(* Let $\nu\geq3$ be an integer. Let $M=\{u=F\}$ and $M'=\{u'=F'\}$ be rigid real-analytic hypersurfaces in $\mathbb{C}^3$ with $$F=m+G_3+\cdots+G_{\nu-1}+G_\nu+O(\nu+1),\qquad F'=m+G'_3+\cdots+G'_{\nu-1}+G'_\nu+O(\nu+1),$$ where $m=\frac{z\bar z+\frac12z^2\bar\zeta+\frac12\bar z^2\zeta}{1-\zeta\bar\zeta}$ and each $G_\mu,G'_\mu$ is weighted homogeneous of weight $\mu$. Suppose the biholomorphism $$z'=z+f_{\nu-1}(z,\zeta),\qquad\zeta'=\zeta+g_{\nu-2}(z,\zeta),\qquad w'=w+h_\nu(z,\zeta),$$ with $f_{\nu-1},g_{\nu-2},h_\nu$ holomorphic and weighted homogeneous of weights $\nu-1,\nu-2,\nu$ respectively, maps $M$ into $M'$. Then $G'_\mu=G_\mu$ for $3\leq\mu\leq\nu-1$, while $$G'_\nu=G_\nu-2\operatorname{Re}\Big\{\frac{\bar z+z\bar\zeta}{1-\zeta\bar\zeta}f_{\nu-1}(z,\zeta)+\frac{(\bar z+z\bar\zeta)^2}{2(1-\zeta\bar\zeta)^2}g_{\nu-2}(z,\zeta)-\frac12h_\nu(z,\zeta)\Big\},$$ all functions being evaluated at $(z,\zeta,\bar z,\bar\zeta)$.
   Context: Coordinates on $\mathbb{C}^3$ are $(z,\zeta,w)$, $w=u+iv$. Weights: $[z]=[\bar z]=1$, $[\zeta]=[\bar\zeta]=0$, $[w]=2$; the monomial $z^a\zeta^b\bar z^c\bar\zeta^d$ has weight $a+c$. A convergent power series is weighted homogeneous of weight $\mu$ if all its monomials have weight $\mu$ (e.g. a holomorphic $f_{\mu}(z,\zeta)$ of weight $\mu$ is $z^\mu\phi(\zeta)$). $O(\mu)$ denotes a convergent power series all of whose monomials have weight $\geq\mu$. $2\operatorname{Re}\{X\}=X+\overline{X}$. *)

theory Defs
  imports "HOL-Analysis.Analysis"
begin

text \<open>A formal power series in the four variables z, zeta, conj z, conj zeta is a
  coefficient family c a b p q, standing for the monomial
  z^a zeta^b (conj z)^p (conj zeta)^q.\<close>

type_synonym coeffs4 = "nat \<Rightarrow> nat \<Rightarrow> nat \<Rightarrow> nat \<Rightarrow> complex"

definition ps_term :: "coeffs4 \<Rightarrow> complex \<Rightarrow> complex \<Rightarrow> nat \<times> nat \<times> nat \<times> nat \<Rightarrow> complex" where
  "ps_term c z \<zeta> = (\<lambda>(a, b, p, q). c a b p q * z ^ a * \<zeta> ^ b * cnj z ^ p * cnj \<zeta> ^ q)"

definition ps_convergent :: "coeffs4 \<Rightarrow> bool" where
  "ps_convergent c \<longleftrightarrow> (\<exists>r>0. \<forall>z \<zeta>. cmod z < r \<longrightarrow> cmod \<zeta> < r \<longrightarrow>
      (\<lambda>k. norm (ps_term c z \<zeta> k)) summable_on UNIV)"

definition ps_eval :: "coeffs4 \<Rightarrow> complex \<Rightarrow> complex \<Rightarrow> complex" where
  "ps_eval c z \<zeta> = (\<Sum>\<^sub>\<infinity>k. ps_term c z \<zeta> k)"

definition wt_hom :: "nat \<Rightarrow> coeffs4 \<Rightarrow> bool" where
  "wt_hom \<mu> c \<longleftrightarrow> (\<forall>a b p q. c a b p q \<noteq> 0 \<longrightarrow> a + p = \<mu>)"
lemma quad_twist_imp_anharmonic_orbit:
  assumes "t \<noteq> 0" "t \<noteq> 1" "w \<noteq> 0" "s \<noteq> 0" and twist: "(ff t, gg t) = quad_twist w (ff s, gg s)"
  shows "(w, s) \<in> set (anharmonic_orbit t)"
proof -
  (* w scales the 2-torsion abscissae 3(2s - 1), -3(s + 1) of (ff s, gg s) to 2-torsion
     abscissae of (ff t, gg t); two distinct such images determine (w, s) *)
  have scaled_root: "w * r = 3 * (2 * t - 1) \<or> w * r = - 3 * (t + 1) \<or> w * r = 3 * (2 - t)"
    if "r = 3 * (2 * s - 1) \<or> r = - 3 * (s + 1)" for r
  proof -
    have "r ^ 3 + ff s * r + gg s = 0" using that by (auto simp: ff_gg_root_iff)
    then have "(w * r) ^ 3 + ff t * (w * r) + gg t = 0"
      using quad_twist_root[of r "(ff s, gg s)" w] twist by (metis fst_conv snd_conv)
    then show ?thesis by (simp only: ff_gg_root_iff)
  qed
  define a where "a = w * (2 * s - 1)"
  define b where "b = - w * (s + 1)"
  have a: "a = 2 * t - 1 \<or> a = - (t + 1) \<or> a = 2 - t"
    using scaled_root[of "3 * (2 * s - 1)"] by (auto simp: a_def algebra_simps)
  have b: "b = 2 * t - 1 \<or> b = - (t + 1) \<or> b = 2 - t"
    using scaled_root[of "- 3 * (s + 1)"] by (auto simp: b_def algebra_simps)
  have "a \<noteq> b" using assms by (simp add: a_def b_def algebra_simps)
  have w: "w = - (a + 2 * b) / 3" by (simp add: a_def b_def algebra_simps)
  have s: "s = (a - b) / (- (a + 2 * b))" using \<open>w \<noteq> 0\<close> by (simp add: a_def b_def field_simps)
  from a b \<open>a \<noteq> b\<close> show ?thesis
    unfolding w s using \<open>t \<noteq> 0\<close> \<open>t \<noteq> 1\<close>
    by (elim disjE; hypsubst; simp add: anharmonic_orbit_def field_simps)
qed

lemma distinct_anharmonic_orbit:
  assumes "t \<noteq> 0" "t \<noteq> 1" "gg t \<noteq> 0"
  shows "distinct (map snd (anharmonic_orbit t))"
proof -
  have "gg t = -27 * ((2 * t - 1) * (t + 1) * (t - 2))" unfolding gg_def by algebra
  with assms(3) have "2 * t - 1 \<noteq> 0" "t + 1 \<noteq> 0" "t - 2 \<noteq> 0" by auto
  moreover have "t * t - t + 1 \<noteq> 0" using ff_neq_0[of t] by (simp add: ff_def power2_eq_square)
  moreover have "t - 1 \<noteq> 0" "1 - t \<noteq> 0" using assms by auto
  ultimately show ?thesis
    using assms by (simp add: anharmonic_orbit_def field_simps square_eq_1_iff eq_neg_iff_add_eq_0)
qed

lemma iso_Q_Etd_imp_anharmonic_orbit:
  assumes "(t, d) \<in> G_idx" "(s, e) \<in> G_idx" and iso: "iso_Q (Etd s e) (Etd t d)"
  obtains w where "(w, s) \<in> set (anharmonic_orbit t)" "e = rat_squarefree_part (w * of_int d)"
proof -
  have "t \<noteq> 0" "t \<noteq> 1" "s \<noteq> 0" "squarefree d" "squarefree e"
    using assms by (auto simp: mem_G_idx_iff)
  then have "(of_int d :: rat) \<noteq> 0" "(of_int e :: rat) \<noteq> 0" by auto
  obtain u where "u \<noteq> 0" and "Etd t d = quad_twist (u ^ 2) (Etd s e)"
    using iso by (auto simp: iso_Q_iff_quad_twist_square)
  then have "quad_twist (of_int d) (ff t, gg t) = quad_twist (u ^ 2 * of_int e) (ff s, gg s)"
    by (simp add: Etd_eq_quad_twist quad_twist_mult)
  then have twist: "(ff t, gg t) = quad_twist (u ^ 2 * of_int e / of_int d) (ff s, gg s)"
    by (rule quad_twist_cancel[OF \<open>of_int d \<noteq> 0\<close>])
  define w where "w = u ^ 2 * of_int e / of_int d"
  have "w \<noteq> 0" using \<open>u \<noteq> 0\<close> \<open>of_int e \<noteq> 0\<close> \<open>of_int d \<noteq> 0\<close> by (simp add: w_def)
  then have "(w, s) \<in> set (anharmonic_orbit t)"
    using quad_twist_imp_anharmonic_orbit \<open>t \<noteq> 0\<close> \<open>t \<noteq> 1\<close> \<open>s \<noteq> 0\<close> twist
    by (simp add: w_def)
  moreover have "rat_squarefree_part (w * of_int d) = e"
    using \<open>squarefree e\<close> \<open>u \<noteq> 0\<close> \<open>of_int d \<noteq> 0\<close>
    by (intro rat_squarefree_part_eqI[where v = u]) (simp_all add: w_def)
  ultimately show ?thesis using that by simp
qed

lemma anharmonic_orbit_imp_iso_Q_Etd:
  assumes "(t, d) \<in> G_idx" and orbit: "(w, s) \<in> set (anharmonic_orbit t)"
  defines "e \<equiv> rat_squarefree_part (w * of_int d)"
  shows "(s, e) \<in> G_idx" and "iso_Q (Etd s e) (Etd t d)"
proof -
  have "t \<noteq> 0" "t \<noteq> 1" "squarefree d" using assms(1) by (auto simp: mem_G_idx_iff)
  note twist = anharmonic_orbit_quad_twist[OF \<open>t \<noteq> 0\<close> \<open>t \<noteq> 1\<close> orbit]
  show "(s, e) \<in> G_idx" using twist by (simp add: mem_G_idx_iff e_def)
  have "w * of_int d \<noteq> 0" using \<open>w \<noteq> 0\<close> \<open>squarefree d\<close> by auto
  then have "iso_Q (quad_twist (w * of_int d) (ff s, gg s)) (Etd s e)"
    unfolding e_def Etd_eq_quad_twist by (rule iso_Q_quad_twist_rat_squarefree_part)
  moreover have "quad_twist (w * of_int d) (ff s, gg s) = Etd t d"
    by (simp add: Etd_eq_quad_twist twist(4) mult.commute flip: quad_twist_mult)
  ultimately show "iso_Q (Etd s e) (Etd t d)" by (simp add: iso_Q_sym)
qed

lemma iso_class_Etd:
  assumes "(t, d) \<in> G_idx"
  shows "{q \<in> G_idx. iso_Q (Etd (fst q) (snd q)) (Etd t d)}
    = (\<lambda>(w, s). (s, rat_squarefree_part (w * of_int d))) ` set (anharmonic_orbit t)"
    (is "?class = ?orbit")
proof
  show "?class \<subseteq> ?orbit"
    by (force elim: iso_Q_Etd_imp_anharmonic_orbit[OF assms])
  show "?orbit \<subseteq> ?class"
    using anharmonic_orbit_imp_iso_Q_Etd[OF assms] by auto
qed

lemma card_iso_class_Etd:
  assumes "(t, d) \<in> G_idx" and "gg t \<noteq> 0"
  shows "card {q \<in> G_idx. iso_Q (Etd (fst q) (snd q)) (Etd t d)} = 6"
proof -
  have "t \<noteq> 0" "t \<noteq> 1" using assms(1) by (auto simp: mem_G_idx_iff)
  then have "distinct (map snd (anharmonic_orbit t))"
    using assms(2) by (rule distinct_anharmonic_orbit)
  then show ?thesis by (simp add: iso_class_Etd[OF assms(1)] anharmonic_orbit_def)
qed

theorem lemma6p3:
  shows "(\<forall>A B :: rat. ec_disc A B \<noteq> 0 \<and> klein_embeds_tors (A, B)
            \<and> j_inv A B \<noteq> 0 \<and> j_inv A B \<noteq> 1728
          \<longrightarrow> (\<exists>p \<in> G_idx. iso_Q (A, B) (Etd (fst p) (snd p))))
       \<and> (\<forall>p \<in> G_idx. j_inv (fst (Etd (fst p) (snd p))) (snd (Etd (fst p) (snd p))) \<noteq> 0
            \<and> j_inv (fst (Etd (fst p) (snd p))) (snd (Etd (fst p) (snd p))) \<noteq> 1728
          \<longrightarrow> card {q \<in> G_idx. iso_Q (Etd (fst q) (snd q)) (Etd (fst p) (snd p))} = 6)"
proof (intro conjI allI impI ballI)
  fix A B :: rat
  assume "ec_disc A B \<noteq> 0 \<and> klein_embeds_tors (A, B) \<and> j_inv A B \<noteq> 0 \<and> j_inv A B \<noteq> 1728"
  then obtain x1 x2 x3 where "distinct [x1, x2, x3]"
    and "x1 ^ 3 + A * x1 + B = 0" "x2 ^ 3 + A * x2 + B = 0" "x3 ^ 3 + A * x3 + B = 0"
    using klein_embeds_tors_imp_three_roots by blast
  then show "\<exists>p \<in> G_idx. iso_Q (A, B) (Etd (fst p) (snd p))"
    by (rule three_roots_imp_iso_Etd)
next
  fix p
  assume p: "p \<in> G_idx"
    and j: "j_inv (fst (Etd (fst p) (snd p))) (snd (Etd (fst p) (snd p))) \<noteq> 0
            \<and> j_inv (fst (Etd (fst p) (snd p))) (snd (Etd (fst p) (snd p))) \<noteq> 1728"
  obtain t d where p_eq: "p = (t, d)" by fastforce
  have "ec_disc (fst (Etd t d)) (snd (Etd t d)) \<noteq> 0" using p by (simp add: G_idx_def p_eq)
  with j have "snd (Etd t d) \<noteq> 0" by (simp add: j_inv_eq_1728_iff p_eq)
  then have "gg t \<noteq> 0" by (simp add: Etd_def)
  then show "card {q \<in> G_idx. iso_Q (Etd (fst q) (snd q)) (Etd (fst p) (snd p))} = 6"
    using card_iso_class_Etd p by (simp add: p_eq)
qed

end
(* Let $b_+,b_->0$, $\delta_\pm\in\mathbb R$ with $b_\pm+\delta_\pm>0$, $c>0$, and $k\in[-\pi,\pi)$, and assume that either $k\neq 0$ or both $\delta_+\neq0$ and $\delta_-\ne0$. Let $v_1(b_+,\delta_+,k)$ be an eigenvector of $P(b_+,\delta_+,k)$ for its eigenvalue $\lambda_1$ of modulus less than $1$, and $v_2(b_-,\delta_-,k)$ an eigenvector of $P(b_-,\delta_-,k)$ for its eigenvalue $\lambda_2$ of modulus greater than $1$. Then $0$ is a two-fold eigenvalue of the type-I interface Hamiltonian $\hat H_{\mathrm I}(k)$ (its eigenspace in $\ell^2(\mathbb Z;\mathbb C^6)$ is two-dimensional) if and only if there is a nonzero constant $g\in\mathbb C$ with $$\begin{pmatrix}1&0\\0&\frac{(b_++\delta_+)(b_-+\delta_-)}{c^2}\end{pmatrix}v_1(b_+,\delta_+,k)=g\,v_2(b_-,\delta_-,k).$$
   Context: Matrices: for $b>0$, $b+\varepsilon>0$, $k\in\mathbb R$ let $A_1=\begin{pmatrix}-b&0\\-b&-(b+\varepsilon)e^{-ik}\end{pmatrix}$, $A_2=\begin{pmatrix}-b&-(b+\varepsilon)e^{ik}\\0&-b\end{pmatrix}$, $A_3=\begin{pmatrix}-(b+\varepsilon)e^{-ik}&0\\-b&-b\end{pmatrix}$, $A_4=\begin{pmatrix}-b&-b\\0&-(b+\varepsilon)\end{pmatrix}$, $A_5=\begin{pmatrix}-b&0\\-(b+\varepsilon)e^{ik}&-b\end{pmatrix}$, $A_6=\begin{pmatrix}-(b+\varepsilon)&-b\\0&-b\end{pmatrix}$, and $P(b,\varepsilon,k)=-A_6^{-1}A_5A_4^{-1}A_3A_2^{-1}A_1$; when $k\ne0$ or $\varepsilon\neq0$ it has two distinct eigenvalues $\lambda_1,\lambda_2$ with $0<|\lambda_1|<1<|\lambda_2|$. Operator: for $n\in\mathbb Z$ let $b_n=b_+$ ($n\ge0$), $b_n=b_-$ ($n\le-1$); $c_n=b_++\delta_+$ ($n\ge0$), $c_{-1}=c$, $c_n=b_-+\delta_-$ ($n\le-2$); $d_n=b_++\delta_+$ ($n\ge0$), $d_n=b_-+\delta_-$ ($n\le-1$). $\hat H_{\mathrm I}(k)$ acts on $u=\{(u_{j,n})_{j=1}^6\}_{n\in\mathbb Z}\in\ell^2(\mathbb Z;\mathbb C^6)$ by $(\hat H_{\mathrm I}(k)u)_{1,n}=-b_nu_{4,n}-b_nu_{5,n}-c_{n-1}e^{-ik}u_{6,n-1}$, $(\hat H_{\mathrm I}(k)u)_{2,n}=-b_nu_{4,n}-d_ne^{ik}u_{5,n}-b_nu_{6,n}$, $(\hat H_{\mathrm I}(k)u)_{3,n}=-c_nu_{4,n+1}-b_nu_{5,n}-b_nu_{6,n}$, $(\hat H_{\mathrm I}(k)u)_{4,n}=-b_nu_{1,n}-b_nu_{2,n}-c_{n-1}u_{3,n-1}$, $(\hat H_{\mathrm I}(k)u)_{5,n}=-b_nu_{1,n}-d_ne^{-ik}u_{2,n}-b_nu_{3,n}$, $(\hat H_{\mathrm I}(k)u)_{6,n}=-c_ne^{ik}u_{1,n+1}-b_nu_{2,n}-b_nu_{3,n}$. *)

theory Defs
  imports "HOL-Analysis.Analysis"
begin

definition mat2 :: "complex \<Rightarrow> complex \<Rightarrow> complex \<Rightarrow> complex \<Rightarrow> complex^2^2" where
  "mat2 a b c d = (\<chi> i j. if i = 1 then (if j = 1 then a else b) else (if j = 1 then c else d))"

definition A1 :: "real \<Rightarrow> real \<Rightarrow> real \<Rightarrow> complex^2^2" where
  "A1 b e k = mat2 (- of_real b) 0 (- of_real b) (- of_real (b + e) * cis (- k))"
definition A2 :: "real \<Rightarrow> real \<Rightarrow> real \<Rightarrow> complex^2^2" where
  "A2 b e k = mat2 (- of_real b) (- of_real (b + e) * cis k) 0 (- of_real b)"
definition A3 :: "real \<Rightarrow> real \<Rightarrow> real \<Rightarrow> complex^2^2" where
  "A3 b e k = mat2 (- of_real (b + e) * cis (- k)) 0 (- of_real b) (- of_real b)"
definition A4 :: "real \<Rightarrow> real \<Rightarrow> real \<Rightarrow> complex^2^2" where
  "A4 b e k = mat2 (- of_real b) (- of_real b) 0 (- of_real (b + e))"
definition A5 :: "real \<Rightarrow> real \<Rightarrow> real \<Rightarrow> complex^2^2" where
  "A5 b e k = mat2 (- of_real b) 0 (- of_real (b + e) * cis k) (- of_real b)"
definition A6 :: "real \<Rightarrow> real \<Rightarrow> real \<Rightarrow> complex^2^2" where
  "A6 b e k = mat2 (- of_real (b + e)) (- of_real b) 0 (- of_real b)"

········

Count how many lines in the records above hold the word "assumes", and answer with that number alone.

6